Data provided:
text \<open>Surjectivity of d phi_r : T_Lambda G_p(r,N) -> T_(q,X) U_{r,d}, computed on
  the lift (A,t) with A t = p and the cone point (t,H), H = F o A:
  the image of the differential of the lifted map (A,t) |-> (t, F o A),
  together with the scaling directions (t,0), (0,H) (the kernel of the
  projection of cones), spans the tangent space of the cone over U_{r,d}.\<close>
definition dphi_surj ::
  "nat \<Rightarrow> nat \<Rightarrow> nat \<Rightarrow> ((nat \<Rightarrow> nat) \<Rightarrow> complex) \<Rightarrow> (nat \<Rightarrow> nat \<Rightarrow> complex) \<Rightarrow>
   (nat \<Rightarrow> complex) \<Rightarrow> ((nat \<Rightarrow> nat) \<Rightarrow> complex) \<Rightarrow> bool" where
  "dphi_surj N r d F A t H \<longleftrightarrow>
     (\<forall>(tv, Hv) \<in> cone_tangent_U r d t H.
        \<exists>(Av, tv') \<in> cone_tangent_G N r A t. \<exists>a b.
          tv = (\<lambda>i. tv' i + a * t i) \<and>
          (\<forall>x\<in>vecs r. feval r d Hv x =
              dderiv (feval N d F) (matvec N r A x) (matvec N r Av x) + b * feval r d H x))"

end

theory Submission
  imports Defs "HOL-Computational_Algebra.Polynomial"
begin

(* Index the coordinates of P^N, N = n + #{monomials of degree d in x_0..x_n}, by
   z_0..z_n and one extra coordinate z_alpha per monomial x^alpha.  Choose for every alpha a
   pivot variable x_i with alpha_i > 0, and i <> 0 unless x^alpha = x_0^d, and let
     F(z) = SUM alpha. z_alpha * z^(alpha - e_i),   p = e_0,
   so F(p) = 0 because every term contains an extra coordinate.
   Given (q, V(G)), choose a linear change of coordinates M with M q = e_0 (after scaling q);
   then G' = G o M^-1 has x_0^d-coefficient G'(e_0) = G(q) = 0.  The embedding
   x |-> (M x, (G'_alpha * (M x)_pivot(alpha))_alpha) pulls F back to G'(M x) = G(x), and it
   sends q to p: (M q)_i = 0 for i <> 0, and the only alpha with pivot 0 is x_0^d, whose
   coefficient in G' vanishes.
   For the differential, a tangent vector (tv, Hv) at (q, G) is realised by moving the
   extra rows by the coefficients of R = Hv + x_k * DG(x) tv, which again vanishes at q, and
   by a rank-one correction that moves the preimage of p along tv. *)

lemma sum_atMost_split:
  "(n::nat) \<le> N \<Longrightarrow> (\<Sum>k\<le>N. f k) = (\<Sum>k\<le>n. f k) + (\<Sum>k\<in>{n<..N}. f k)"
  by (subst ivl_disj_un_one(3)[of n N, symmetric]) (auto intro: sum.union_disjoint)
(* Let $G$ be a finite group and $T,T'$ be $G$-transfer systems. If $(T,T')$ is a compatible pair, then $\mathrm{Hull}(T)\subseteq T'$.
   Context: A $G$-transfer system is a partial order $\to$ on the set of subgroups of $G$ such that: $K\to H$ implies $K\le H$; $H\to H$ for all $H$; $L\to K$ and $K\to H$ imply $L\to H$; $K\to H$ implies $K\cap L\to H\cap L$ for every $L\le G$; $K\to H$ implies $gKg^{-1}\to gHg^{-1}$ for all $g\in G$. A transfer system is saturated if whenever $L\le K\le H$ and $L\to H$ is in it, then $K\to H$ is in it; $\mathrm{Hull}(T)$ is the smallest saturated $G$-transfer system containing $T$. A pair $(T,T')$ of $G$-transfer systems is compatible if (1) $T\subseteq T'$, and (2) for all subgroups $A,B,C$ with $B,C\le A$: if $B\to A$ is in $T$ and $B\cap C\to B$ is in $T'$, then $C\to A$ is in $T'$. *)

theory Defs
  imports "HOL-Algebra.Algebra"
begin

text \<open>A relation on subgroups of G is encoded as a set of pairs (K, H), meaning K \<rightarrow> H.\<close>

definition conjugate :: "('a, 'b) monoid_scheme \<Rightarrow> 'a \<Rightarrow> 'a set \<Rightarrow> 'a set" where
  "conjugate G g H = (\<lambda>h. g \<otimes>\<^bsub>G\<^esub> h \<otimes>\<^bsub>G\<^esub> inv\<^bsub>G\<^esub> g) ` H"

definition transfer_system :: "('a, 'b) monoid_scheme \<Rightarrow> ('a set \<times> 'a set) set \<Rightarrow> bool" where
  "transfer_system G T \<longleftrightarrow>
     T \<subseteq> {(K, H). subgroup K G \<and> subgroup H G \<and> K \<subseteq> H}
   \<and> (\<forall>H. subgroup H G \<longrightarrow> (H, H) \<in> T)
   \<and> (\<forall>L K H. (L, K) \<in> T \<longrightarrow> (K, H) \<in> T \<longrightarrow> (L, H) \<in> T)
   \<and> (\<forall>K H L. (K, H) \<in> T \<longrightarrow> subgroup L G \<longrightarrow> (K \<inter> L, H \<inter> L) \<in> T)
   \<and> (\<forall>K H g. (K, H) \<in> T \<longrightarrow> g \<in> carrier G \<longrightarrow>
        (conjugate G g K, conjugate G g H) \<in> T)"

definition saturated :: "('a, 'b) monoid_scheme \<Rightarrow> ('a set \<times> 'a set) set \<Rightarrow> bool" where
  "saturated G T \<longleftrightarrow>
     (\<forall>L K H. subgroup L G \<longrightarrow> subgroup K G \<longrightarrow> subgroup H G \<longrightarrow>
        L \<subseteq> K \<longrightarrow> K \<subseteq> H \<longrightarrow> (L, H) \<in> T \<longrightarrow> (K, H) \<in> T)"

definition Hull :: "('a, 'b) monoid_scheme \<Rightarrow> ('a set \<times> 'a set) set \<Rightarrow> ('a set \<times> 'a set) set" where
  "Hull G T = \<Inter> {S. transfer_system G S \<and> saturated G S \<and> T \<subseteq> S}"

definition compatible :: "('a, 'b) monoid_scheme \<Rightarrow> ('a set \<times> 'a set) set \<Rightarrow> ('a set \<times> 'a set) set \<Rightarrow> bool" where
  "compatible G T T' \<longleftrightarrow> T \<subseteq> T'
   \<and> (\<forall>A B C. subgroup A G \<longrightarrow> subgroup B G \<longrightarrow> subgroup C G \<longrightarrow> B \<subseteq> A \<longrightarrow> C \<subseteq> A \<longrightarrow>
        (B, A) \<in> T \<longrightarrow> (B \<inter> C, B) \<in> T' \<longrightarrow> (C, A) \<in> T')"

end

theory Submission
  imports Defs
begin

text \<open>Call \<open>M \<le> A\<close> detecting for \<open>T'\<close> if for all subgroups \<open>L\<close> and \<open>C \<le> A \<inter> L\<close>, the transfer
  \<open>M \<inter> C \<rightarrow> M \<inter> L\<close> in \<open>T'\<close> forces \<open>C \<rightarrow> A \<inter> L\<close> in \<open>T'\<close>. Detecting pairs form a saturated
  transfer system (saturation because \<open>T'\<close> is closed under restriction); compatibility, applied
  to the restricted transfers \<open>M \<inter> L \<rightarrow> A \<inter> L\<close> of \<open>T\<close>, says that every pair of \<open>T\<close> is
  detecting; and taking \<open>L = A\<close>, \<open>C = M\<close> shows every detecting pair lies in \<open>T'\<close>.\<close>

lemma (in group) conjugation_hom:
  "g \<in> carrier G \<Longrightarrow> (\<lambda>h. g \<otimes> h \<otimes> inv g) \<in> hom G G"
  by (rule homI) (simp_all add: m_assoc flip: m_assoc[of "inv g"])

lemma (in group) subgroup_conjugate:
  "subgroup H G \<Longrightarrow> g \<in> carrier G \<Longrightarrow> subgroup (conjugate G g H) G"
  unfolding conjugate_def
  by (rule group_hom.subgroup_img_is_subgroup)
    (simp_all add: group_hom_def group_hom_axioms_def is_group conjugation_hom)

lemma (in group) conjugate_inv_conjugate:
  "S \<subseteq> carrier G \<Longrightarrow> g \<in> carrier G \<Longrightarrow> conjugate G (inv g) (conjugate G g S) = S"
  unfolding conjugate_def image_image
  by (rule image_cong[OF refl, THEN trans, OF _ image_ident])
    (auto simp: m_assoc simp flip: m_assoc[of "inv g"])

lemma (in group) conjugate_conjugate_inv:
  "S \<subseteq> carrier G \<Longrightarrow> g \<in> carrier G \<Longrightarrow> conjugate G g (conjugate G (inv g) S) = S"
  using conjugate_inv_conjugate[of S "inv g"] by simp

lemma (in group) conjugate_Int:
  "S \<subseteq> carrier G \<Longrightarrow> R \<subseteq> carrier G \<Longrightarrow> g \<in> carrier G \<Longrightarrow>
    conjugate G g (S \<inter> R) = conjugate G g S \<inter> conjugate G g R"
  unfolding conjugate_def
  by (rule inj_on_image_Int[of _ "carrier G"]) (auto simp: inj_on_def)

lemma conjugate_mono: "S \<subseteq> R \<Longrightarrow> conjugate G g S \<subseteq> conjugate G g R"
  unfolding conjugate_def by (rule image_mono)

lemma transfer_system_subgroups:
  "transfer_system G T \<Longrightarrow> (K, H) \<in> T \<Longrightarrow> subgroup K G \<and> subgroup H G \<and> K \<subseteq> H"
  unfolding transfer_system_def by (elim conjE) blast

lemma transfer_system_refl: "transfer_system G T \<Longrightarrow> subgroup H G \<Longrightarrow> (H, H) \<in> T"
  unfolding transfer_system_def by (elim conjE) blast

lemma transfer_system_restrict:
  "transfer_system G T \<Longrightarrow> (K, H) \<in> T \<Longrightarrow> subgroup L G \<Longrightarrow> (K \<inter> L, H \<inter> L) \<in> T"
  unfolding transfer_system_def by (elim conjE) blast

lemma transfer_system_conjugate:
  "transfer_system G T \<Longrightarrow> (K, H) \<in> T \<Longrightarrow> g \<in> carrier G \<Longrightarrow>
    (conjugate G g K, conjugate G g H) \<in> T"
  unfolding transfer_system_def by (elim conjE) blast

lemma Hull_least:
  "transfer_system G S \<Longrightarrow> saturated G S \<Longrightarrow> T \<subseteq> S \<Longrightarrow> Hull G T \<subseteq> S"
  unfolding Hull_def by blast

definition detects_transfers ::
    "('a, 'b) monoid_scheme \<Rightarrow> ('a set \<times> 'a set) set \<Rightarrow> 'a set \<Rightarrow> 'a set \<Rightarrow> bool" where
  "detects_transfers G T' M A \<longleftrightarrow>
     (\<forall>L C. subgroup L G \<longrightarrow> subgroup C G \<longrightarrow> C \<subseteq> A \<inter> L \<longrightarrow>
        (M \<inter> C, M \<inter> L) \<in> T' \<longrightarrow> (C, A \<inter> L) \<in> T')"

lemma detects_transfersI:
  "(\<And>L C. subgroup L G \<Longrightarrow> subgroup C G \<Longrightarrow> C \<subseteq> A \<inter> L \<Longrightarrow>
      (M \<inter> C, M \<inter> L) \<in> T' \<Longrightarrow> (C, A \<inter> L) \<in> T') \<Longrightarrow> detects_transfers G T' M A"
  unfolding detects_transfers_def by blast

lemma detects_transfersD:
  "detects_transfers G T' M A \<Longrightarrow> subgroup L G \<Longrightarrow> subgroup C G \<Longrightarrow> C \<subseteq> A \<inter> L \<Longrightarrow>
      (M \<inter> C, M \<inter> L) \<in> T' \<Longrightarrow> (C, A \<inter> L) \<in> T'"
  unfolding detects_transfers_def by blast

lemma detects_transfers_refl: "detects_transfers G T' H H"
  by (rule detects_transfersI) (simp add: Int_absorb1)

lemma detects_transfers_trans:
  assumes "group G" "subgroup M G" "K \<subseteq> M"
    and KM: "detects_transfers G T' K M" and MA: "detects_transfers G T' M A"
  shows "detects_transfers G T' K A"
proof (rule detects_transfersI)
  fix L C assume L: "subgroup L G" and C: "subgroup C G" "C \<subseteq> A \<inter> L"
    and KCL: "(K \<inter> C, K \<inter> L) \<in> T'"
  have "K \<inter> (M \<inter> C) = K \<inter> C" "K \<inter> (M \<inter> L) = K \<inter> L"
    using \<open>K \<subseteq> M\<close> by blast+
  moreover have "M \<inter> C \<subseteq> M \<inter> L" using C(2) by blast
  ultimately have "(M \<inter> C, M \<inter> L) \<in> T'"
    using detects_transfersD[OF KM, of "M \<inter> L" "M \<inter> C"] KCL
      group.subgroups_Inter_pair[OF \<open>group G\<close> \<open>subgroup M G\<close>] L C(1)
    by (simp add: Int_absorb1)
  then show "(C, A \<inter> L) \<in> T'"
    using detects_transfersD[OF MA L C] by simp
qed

To do:
Could you copy each line in the listing above that includes the word "saturated"?

Response area:
   Context: A $G$-transfer system is a partial order $\to$ on the set of subgroups of $G$ such that: $K\to H$ implies $K\le H$; $H\to H$ for all $H$; $L\to K$ and $K\to H$ imply $L\to H$; $K\to H$ implies $K\cap L\to H\cap L$ for every $L\le G$; $K\to H$ implies $gKg^{-1}\to gHg^{-1}$ for all $g\in G$. A transfer system is saturated if whenever $L\le K\le H$ and $L\to H$ is in it, then $K\to H$ is in it; $\mathrm{Hull}(T)$ is the smallest saturated $G$-transfer system containing $T$. A pair $(T,T')$ of $G$-transfer systems is compatible if (1) $T\subseteq T'$, and (2) for all subgroups $A,B,C$ with $B,C\le A$: if $B\to A$ is in $T$ and $B\cap C\to B$ is in $T'$, then $C\to A$ is in $T'$. *)
definition saturated :: "('a, 'b) monoid_scheme \<Rightarrow> ('a set \<times> 'a set) set \<Rightarrow> bool" where
  "saturated G T \<longleftrightarrow>
  "Hull G T = \<Inter> {S. transfer_system G S \<and> saturated G S \<and> T \<subseteq> S}"
  \<open>M \<inter> C \<rightarrow> M \<inter> L\<close> in \<open>T'\<close> forces \<open>C \<rightarrow> A \<inter> L\<close> in \<open>T'\<close>. Detecting pairs form a saturated
  "transfer_system G S \<Longrightarrow> saturated G S \<Longrightarrow> T \<subseteq> S \<Longrightarrow> Hull G T \<subseteq> S"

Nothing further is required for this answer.